As always, there are a number of related trends:
  • In a previous letter, David Patterson lamented the increasing submission loads to various conferences. If you look at the chart of NSF funding requests and acceptances over the past few years, it looks strikingly similar.
  • Research is becoming more conservative; again, David Patterson in his two letters cites the lack of 'out-there' conference papers as well as the 'chilling effect' of funding on truly innovative grant proposals.
It is not hard to see why these are related: in a highly competitive conference (and funding) acceptance scenario, papers are not accepted; they are merely 'not rejected'. In other words, we find reasons to eliminate papers rather than accept them. What this means that is you have to have a cast-iron presentation of a paper/grant; anything that can get shot down, will. Thus, more outlandish and innovative proposals die.

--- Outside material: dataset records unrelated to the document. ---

lemma idem_IN_right_unit_iff:
  assumes n: "2 \<le> n" and \<alpha>: "\<alpha> \<in> IN_inf n" and q: "bij_betw q {..<n} {..<n}"
    and le: "\<alpha> \<subseteq>\<^sub>m coord_perm n q" and \<sigma>: "\<sigma> \<in> units_IN n"
  shows "idem_IN (pmult \<alpha> \<sigma>) \<longleftrightarrow> \<sigma> = coord_perm n (inv_into {..<n} q)"
proof
  assume idem: "idem_IN (pmult \<alpha> \<sigma>)"
  obtain p where p: "bij_betw p {..<n} {..<n}" and \<sigma>_eq: "\<sigma> = coord_perm n p"
    using units_IN_eq_coord_perm[OF n \<sigma>] by blast
  have p_into: "\<forall>k<n. p k < n" and q_into: "\<forall>k<n. q k < n"
    using bij_betwE[OF p] bij_betwE[OF q] by auto
  have le_qp: "pmult \<alpha> \<sigma> \<subseteq>\<^sub>m coord_perm n (q \<circ> p)"
    using pmult_mono[OF le map_le_refl[of \<sigma>]] pmult_coord_perm[OF q_into p_into] \<sigma>_eq by simp
  obtain x where x: "x \<in> Pts n" "distinct x"
    and perms: "\<forall>p. (\<forall>k<n. p k < n) \<longrightarrow> map (\<lambda>k. x ! p k) [0..<n] \<in> dom \<alpha>"
    using cofinite_Pts_distinct_point[of n "dom \<alpha>"] n \<alpha> by (auto simp: IN_inf_def)
  have "length x = n" using x(1) by (simp add: Pts_def)
  then have "x \<in> dom \<alpha>" using perms[rule_format, of id] map_nth[of x] by simp
  then obtain y where "\<alpha> x = Some y" by auto
  moreover have "y \<in> Pts n" using calculation \<alpha> by (auto simp: IN_inf_def ran_def)
  ultimately have "x \<in> dom (pmult \<alpha> \<sigma>)" by (simp add: \<sigma>_eq pmult_def coord_perm_def dom_def)
  then have "\<forall>k<n. q (p k) = k"
    using idem_IN_le_coord_perm_id[OF le_qp bij_betw_trans[OF p q] idem _ x(2)] by simp
  then have "\<forall>k<n. p k = inv_into {..<n} q k"
    using inv_into_f_eq[OF bij_betw_imp_inj_on[OF q]] p_into by (metis lessThan_iff)
  then show "\<sigma> = coord_perm n (inv_into {..<n} q)" using \<sigma>_eq coord_perm_cong by blast
next
  assume "\<sigma> = coord_perm n (inv_into {..<n} q)"
  then have "pmult \<alpha> \<sigma> \<subseteq>\<^sub>m pid n"
    using pmult_mono[OF le map_le_refl[of \<sigma>]] pmult_coord_perm_inv(1)[OF q] by simp
  then show "idem_IN (pmult \<alpha> \<sigma>)" by (rule idem_IN_if_le_pid)
qed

Being conservative about accepting 'out-there' papers is not necessarily a bad thing; however, I'd argue that one cannot afford to be conservative about funding new ideas: to use a rather abhorrent analogy, funding is like the VC seed capital for a company, and conference/journal peer review is like the market place; if you cut off the source of innovation, there is no fuel for good ideas to emerge.

One has to ask though: How much is ACM itself responsible for this state of affairs ? I have read more interesting articles in CACM in the past three months than I had in the prior 7 years, and I am truly grateful that David Patterson is raising issues that are familiar to all of us in research. However, the ACM, over the past many years, has morphed from one of the truly representative computer science organizations (many foundational research results were published in CACM in days gone by), to an IT trade organization. The ACM does not speak to me anymore, at a time when an active lobbying group for basic computer science research has never been more important.

Part of this, for better or for worse, has been the explosion in the IT industry over the last ten years. With the kind of money pouring into the IT world, it probably made sense to cater to the needs of IT professionals. However, companies are fickle creatures; one of the main problems we face right now is the lack of industrial funding for basic research, something that used to be a big part of the computer science landscape.

Let's be clear here: DARPA is right that if they are
devoting more attention to "quick reaction" projects that draw on the fruits of earlier science and technology to produce useful prototypes as soon as possible.
then they don't need to fund university research (and in fact academic researchers wouldn't want to work on these problems). Their mistake of course is not seeing the value of long-term fundamental research even now, but you have to ask: when the flagship magazine of the most well known computer science organization cannot be distinguished from a random trade magazine, who's to tell the difference between academic research and corporate software efforts ?

Hat tip to Chandra Chekuri for pointing out the above articles.